But then, if I 'exec {fd}<&-' before consuming all of command's
output, I would expect it to receive SIGPIPE and die, if it hasn't
already completed. And I might want to ensure that this child process
has terminated before the calling script exits.

> > Why should these be different in practice?
> >
> > (1)
> > mkfifo named-pipe
> > child process command < named-pipe &
> > {
> >    foreground shell commands
> > } > named-pipe
> >
> > (2)
> > {
> >    foreground shell commands
> > } > >( child process command )
>
> Because you create a job with one and not the other, explicitly allowing
> you to manipulate `child' directly?

Right, but does it have to be that way? What if the asynchronous
processes in process substitutions were jobs?

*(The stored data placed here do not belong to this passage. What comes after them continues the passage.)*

text \<open>Convexity at the midpoint of \<open>a\<close> and \<open>b\<close>, combined with the parallelogram law.\<close>
lemma prox_objective_midpoint_bound:
  fixes f :: "'a::real_inner \<Rightarrow> ereal"
  assumes cv: "convex_fun f"
    and low: "\<And>w. ereal \<mu> \<le> f w + ereal ((norm (x - w))\<^sup>2 / 2)"
    and A: "f a + ereal ((norm (x - a))\<^sup>2 / 2) = ereal A"
    and B: "f b + ereal ((norm (x - b))\<^sup>2 / 2) = ereal B"
  shows "(norm (a - b))\<^sup>2 \<le> 4 * (A - \<mu>) + 4 * (B - \<mu>)"
proof -
  have fa: "f a = ereal (A - (norm (x - a))\<^sup>2 / 2)" using A by (cases "f a") auto
  have fb: "f b = ereal (B - (norm (x - b))\<^sup>2 / 2)" using B by (cases "f b") auto
  define m where "m = (1 - 1/2) *\<^sub>R a + (1/2::real) *\<^sub>R b"
  have "f m \<le> ereal (1 - 1/2) * f a + ereal (1/2) * f b"
    using cv[unfolded convex_fun_def, rule_format, of "1/2" a b] unfolding m_def by simp
  then have fm: "f m \<le> ereal ((A - (norm (x - a))\<^sup>2 / 2) / 2 + (B - (norm (x - b))\<^sup>2 / 2) / 2)"
    using fa fb by simp
  have "ereal \<mu> \<le> f m + ereal ((norm (x - m))\<^sup>2 / 2)" by (rule low)
  also have "\<dots> \<le> ereal ((A - (norm (x - a))\<^sup>2 / 2) / 2 + (B - (norm (x - b))\<^sup>2 / 2) / 2)
      + ereal ((norm (x - m))\<^sup>2 / 2)"
    using fm by (rule add_right_mono)
  finally have \<mu>: "\<mu> \<le> (A - (norm (x - a))\<^sup>2 / 2) / 2 + (B - (norm (x - b))\<^sup>2 / 2) / 2
      + (norm (x - m))\<^sup>2 / 2"
    by simp
  have "x - m = (1/2) *\<^sub>R ((x - a) + (x - b))"
    unfolding m_def by (simp add: algebra_simps flip: scaleR_add_left)
  then have "(norm (x - m))\<^sup>2 = (norm (x - a))\<^sup>2 / 2 + (norm (x - b))\<^sup>2 / 2 - (norm (a - b))\<^sup>2 / 4"
    using power2_norm_midpoint[of "x - a" "x - b"] by (simp add: norm_minus_commute)
  with \<mu> show ?thesis by (simp add: field_simps)
qed

lemma Cauchy_if_dist_square_le:
  fixes X :: "nat \<Rightarrow> 'a::metric_space"
  assumes bound: "\<And>m n. (dist (X m) (X n))\<^sup>2 \<le> e m + e n" and e: "e \<longlonglongrightarrow> 0"
  shows "Cauchy X"
proof (rule metric_CauchyI)
  fix \<epsilon> :: real assume "0 < \<epsilon>"
  then have "eventually (\<lambda>n. e n < \<epsilon>\<^sup>2 / 2) sequentially"
    using order_tendstoD(2)[OF e, of "\<epsilon>\<^sup>2 / 2"] by simp
  then obtain M where M: "\<And>n. M \<le> n \<Longrightarrow> e n < \<epsilon>\<^sup>2 / 2"
    unfolding eventually_sequentially by blast
  have "dist (X m) (X n) < \<epsilon>" if "M \<le> m" "M \<le> n" for m n
  proof -
    have "(dist (X m) (X n))\<^sup>2 < \<epsilon>\<^sup>2"
      using bound[of m n] M[OF that(1)] M[OF that(2)] by simp
    then show ?thesis using \<open>0 < \<epsilon>\<close> by (simp add: power_less_imp_less_base)
  qed
  then show "\<exists>M. \<forall>m\<ge>M. \<forall>n\<ge>M. dist (X m) (X n) < \<epsilon>" by blast
qed

lemma lsc_fun_tendsto_le:
  fixes f :: "'a::metric_space \<Rightarrow> ereal"
  assumes ls: "lsc_fun f" and X: "X \<longlonglongrightarrow> y" and g: "g \<longlonglongrightarrow> L"
    and le: "\<And>n. f (X n) \<le> ereal (g n)"
  shows "f y \<le> ereal L"
proof (rule ereal_le_epsilon2)
  fix e :: real assume "0 < e"
  then have "eventually (\<lambda>n. g n < L + e) sequentially"
    using order_tendstoD(2)[OF g] by simp
  then have "eventually (\<lambda>n. X n \<in> {w. f w \<le> ereal (L + e)}) sequentially"
  proof eventually_elim
    case (elim n)
    then have "ereal (g n) \<le> ereal (L + e)" by simp
    then show ?case using order_trans[OF le[of n]] by simp
  qed
  moreover have "closed {w. f w \<le> ereal (L + e)}"
    using ls unfolding lsc_fun_def by blast
  ultimately have "y \<in> {w. f w \<le> ereal (L + e)}"
    using Lim_in_closed_set[OF _ _ _ X] by (metis trivial_limit_sequentially)
  then have "f y \<le> ereal (L + e)" by simp
  then show "f y \<le> ereal L + ereal e" by simp
qed

lemma prox_objective_INF_finite:
  assumes G: "f \<in> Gamma0"
  shows "\<exists>\<mu>. (INF w. f w + ereal ((norm (x - w))\<^sup>2 / 2)) = ereal \<mu>"
proof -
  define F where "F w = f w + ereal ((norm (x - w))\<^sup>2 / 2)" for w
  obtain L where L: "\<And>w. ereal L \<le> F w"
    using prox_objective_bounded_below[OF G] unfolding F_def by blast
  have pr: "proper_fun f" using G unfolding Gamma0_def by auto
  then obtain w0 where "f w0 \<noteq> \<infinity>" unfolding proper_fun_def by auto
  then obtain b where b: "f w0 = ereal b" by (rule proper_fun_realE[OF pr])
  have "(INF w. F w) \<le> F w0" by (rule INF_lower) simp
  also have "\<dots> < \<infinity>" unfolding F_def b by simp
  finally have "(INF w. F w) < \<infinity>" .
  moreover have "ereal L \<le> (INF w. F w)" by (rule INF_greatest) (rule L)
  ultimately have "\<exists>\<mu>. (INF w. F w) = ereal \<mu>" by (cases "INF w. F w") auto
  then show ?thesis unfolding F_def .
qed

lemma ereal_INF_minimizing_sequence:
  fixes F :: "'a \<Rightarrow> ereal"
  assumes \<mu>: "(INF w. F w) = ereal \<mu>"
  shows "\<exists>ws A. (\<forall>n. F (ws n) = ereal (A n)) \<and> A \<longlonglongrightarrow> \<mu>"
proof -
  have low: "ereal \<mu> \<le> F w" for w unfolding \<mu>[symmetric] by (rule INF_lower) simp
  have "\<exists>w. F w < ereal (\<mu> + inverse (real (Suc n)))" for n
  proof -
    have "(INF w. F w) < ereal (\<mu> + inverse (real (Suc n)))" unfolding \<mu> by simp
    then show ?thesis unfolding INF_less_iff by blast
  qed
  then obtain ws where ws: "\<And>n. F (ws n) < ereal (\<mu> + inverse (real (Suc n)))" by metis
  define A where "A n = real_of_ereal (F (ws n))" for n
  have FA: "F (ws n) = ereal (A n)" for n
    using ws[of n] low[of "ws n"] unfolding A_def by (cases "F (ws n)") auto
  have A: "\<mu> \<le> A n" "A n \<le> \<mu> + inverse (real (Suc n))" for n
    using ws[of n] low[of "ws n"] unfolding FA by auto
  have "(\<lambda>n. \<mu> + inverse (real (Suc n))) \<longlonglongrightarrow> \<mu> + 0"
    by (intro tendsto_add tendsto_const LIMSEQ_inverse_real_of_nat)
  then have "A \<longlonglongrightarrow> \<mu>"
    using A by (intro tendsto_sandwich[of "\<lambda>_. \<mu>" A _ "\<lambda>n. \<mu> + inverse (real (Suc n))"]) simp_all
  with FA show ?thesis by blast
qed

lemma prox_minimizer_exists:
  fixes f :: "'a::{real_inner,complete_space} \<Rightarrow> ereal"
  assumes G: "f \<in> Gamma0"
  shows "\<exists>p. prox_minimizer f x p"
proof -
  have cv: "convex_fun f" and ls: "lsc_fun f"
    using G unfolding Gamma0_def by auto
  define F where "F w = f w + ereal ((norm (x - w))\<^sup>2 / 2)" for w
  obtain \<mu> where \<mu>: "(INF w. F w) = ereal \<mu>"
    using prox_objective_INF_finite[OF G] unfolding F_def by blast
  have low: "ereal \<mu> \<le> F w" for w unfolding \<mu>[symmetric] by (rule INF_lower) simp
  obtain ws A where FA: "\<And>n. F (ws n) = ereal (A n)" and "A \<longlonglongrightarrow> \<mu>"
    using ereal_INF_minimizing_sequence[OF \<mu>] by blast
  have "Cauchy ws"
  proof (rule Cauchy_if_dist_square_le)
    show "(dist (ws m) (ws n))\<^sup>2 \<le> 4 * (A m - \<mu>) + 4 * (A n - \<mu>)" for m n
      unfolding dist_norm
      by (rule prox_objective_midpoint_bound[OF cv low[unfolded F_def] FA[unfolded F_def] FA[unfolded F_def]])
    have "(\<lambda>n. 4 * (A n - \<mu>)) \<longlonglongrightarrow> 4 * (\<mu> - \<mu>)"
      by (intro tendsto_intros \<open>A \<longlonglongrightarrow> \<mu>\<close>)
    then show "(\<lambda>n. 4 * (A n - \<mu>)) \<longlonglongrightarrow> 0" by simp
  qed
  then obtain p where p: "ws \<longlonglongrightarrow> p" using Cauchy_convergent_iff convergent_def by blast
  have "f p \<le> ereal (\<mu> - (norm (x - p))\<^sup>2 / 2)"
  proof (rule lsc_fun_tendsto_le[OF ls p])
    show "(\<lambda>n. A n - (norm (x - ws n))\<^sup>2 / 2) \<longlonglongrightarrow> \<mu> - (norm (x - p))\<^sup>2 / 2"
      by (intro tendsto_intros \<open>A \<longlonglongrightarrow> \<mu>\<close> p) simp
    show "f (ws n) \<le> ereal (A n - (norm (x - ws n))\<^sup>2 / 2)" for n
      using FA[of n] unfolding F_def by (cases "f (ws n)") auto
  qed
  then have "F p \<le> ereal \<mu>" unfolding F_def by (cases "f p") auto
  then have "F p \<le> F w" for w using low[of w] by (rule order_trans)
  then show ?thesis unfolding prox_minimizer_def F_def by blast
qed

lemma prox_subgradient:
  fixes f :: "'a::{real_inner,complete_space} \<Rightarrow> ereal"
  assumes "f \<in> Gamma0"
  shows "is_subgradient f (prox f x) (x - prox f x)"
proof -
  obtain p where p: "prox_minimizer f x p" using prox_minimizer_exists[OF assms] by blast
  then have "is_subgradient f p (x - p)"
    using assms unfolding Gamma0_def by (blast intro: prox_minimizer_subgradient)
  moreover from this have "prox f x = p" by (rule prox_eqI)
  ultimately show ?thesis by simp
qed

section \<open>Projections and support functions\<close>

definition indicator_ereal :: "'a set \<Rightarrow> 'a \<Rightarrow> ereal" where
  "indicator_ereal C w = (if w \<in> C then 0 else \<infinity>)"

lemma Gamma0_indicator_ereal:
  fixes C :: "'a::real_normed_vector set"
  assumes "C \<noteq> {}" "closed C" "convex C"
  shows "indicator_ereal C \<in> Gamma0"
proof -
  have "proper_fun (indicator_ereal C)"
    using assms(1) unfolding proper_fun_def indicator_ereal_def by auto
  moreover have "convex_fun (indicator_ereal C)"
    unfolding convex_fun_def
  proof (intro allI impI)
    fix x y :: 'a and u :: real assume u: "0 \<le> u \<and> u \<le> 1"
    consider "x \<in> C" "y \<in> C" | "u = 0" | "u = 1" | "x \<notin> C \<or> y \<notin> C" "0 < u" "u < 1"
      using u by fastforce
    then show "indicator_ereal C ((1 - u) *\<^sub>R x + u *\<^sub>R y)
        \<le> ereal (1 - u) * indicator_ereal C x + ereal u * indicator_ereal C y"
    proof cases
      case 1
      then have "(1 - u) *\<^sub>R x + u *\<^sub>R y \<in> C" using assms(3) u unfolding convex_def by auto
      then show ?thesis using 1 unfolding indicator_ereal_def by simp
    qed (auto simp: indicator_ereal_def)
  qed
  moreover have "lsc_fun (indicator_ereal C)"
    unfolding lsc_fun_def
  proof
    fix t :: ereal
    have "{x. indicator_ereal C x \<le> t} = (if t = \<infinity> then UNIV else if 0 \<le> t then C else {})"
      by (auto simp: indicator_ereal_def)
    then show "closed {x. indicator_ereal C x \<le> t}" using assms(2) by simp
  qed
  ultimately show ?thesis unfolding Gamma0_def by blast
qed

text \<open>The projection onto \<open>C\<close> is the prox of its indicator, which exists by completeness.\<close>
lemma closed_convex_projection_exists:
  fixes C :: "'a::{real_inner,complete_space} set"
  assumes "C \<noteq> {}" "closed C" "convex C"
  shows "\<exists>r\<in>C. \<forall>w\<in>C. inner (x - r) (w - r) \<le> 0"
proof -
  define r where "r = prox (indicator_ereal C) x"
  have sub: "is_subgradient (indicator_ereal C) r (x - r)"
    unfolding r_def by (rule prox_subgradient[OF Gamma0_indicator_ereal[OF assms]])
  then have "r \<in> C"
    unfolding is_subgradient_def indicator_ereal_def by (auto split: if_splits)
  moreover have "inner (x - r) (w - r) \<le> 0" if "w \<in> C" for w
    using sub \<open>r \<in> C\<close> that unfolding is_subgradient_def indicator_ereal_def
    by (metis (full_types) ereal_less_eq(3) zero_ereal_def plus_ereal.simps(1) add_0)
  ultimately show ?thesis by blast
qed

> > Hypothetically, it could work like this:
> > {
> >    commands
> > } {fd[0]}< <( command-1 )  {fd[1]}< <( command-2 ) {fd[2]}< <( command-3 )
> > But then again, *I can't get the pids for the processes if I do it this 
> > way*.
>
> If you have to get the pids for the individual processes, do it a different
> way. That's just not part of what process substitutions provide: they are
> word expansions that expand to a filename. If the semantics make it more
> convenient for you to use named pipes, then use named pipes.

Being able to switch from background processes with named pipes to
process substitutions once bash was able to wait for them seemed like
a step in the right direction, because it allowed me to lower the line
count of each script without making the scripts any harder to
understand. So generally trying to make process substitutions more
useful/useful in more situations seems like a net positive.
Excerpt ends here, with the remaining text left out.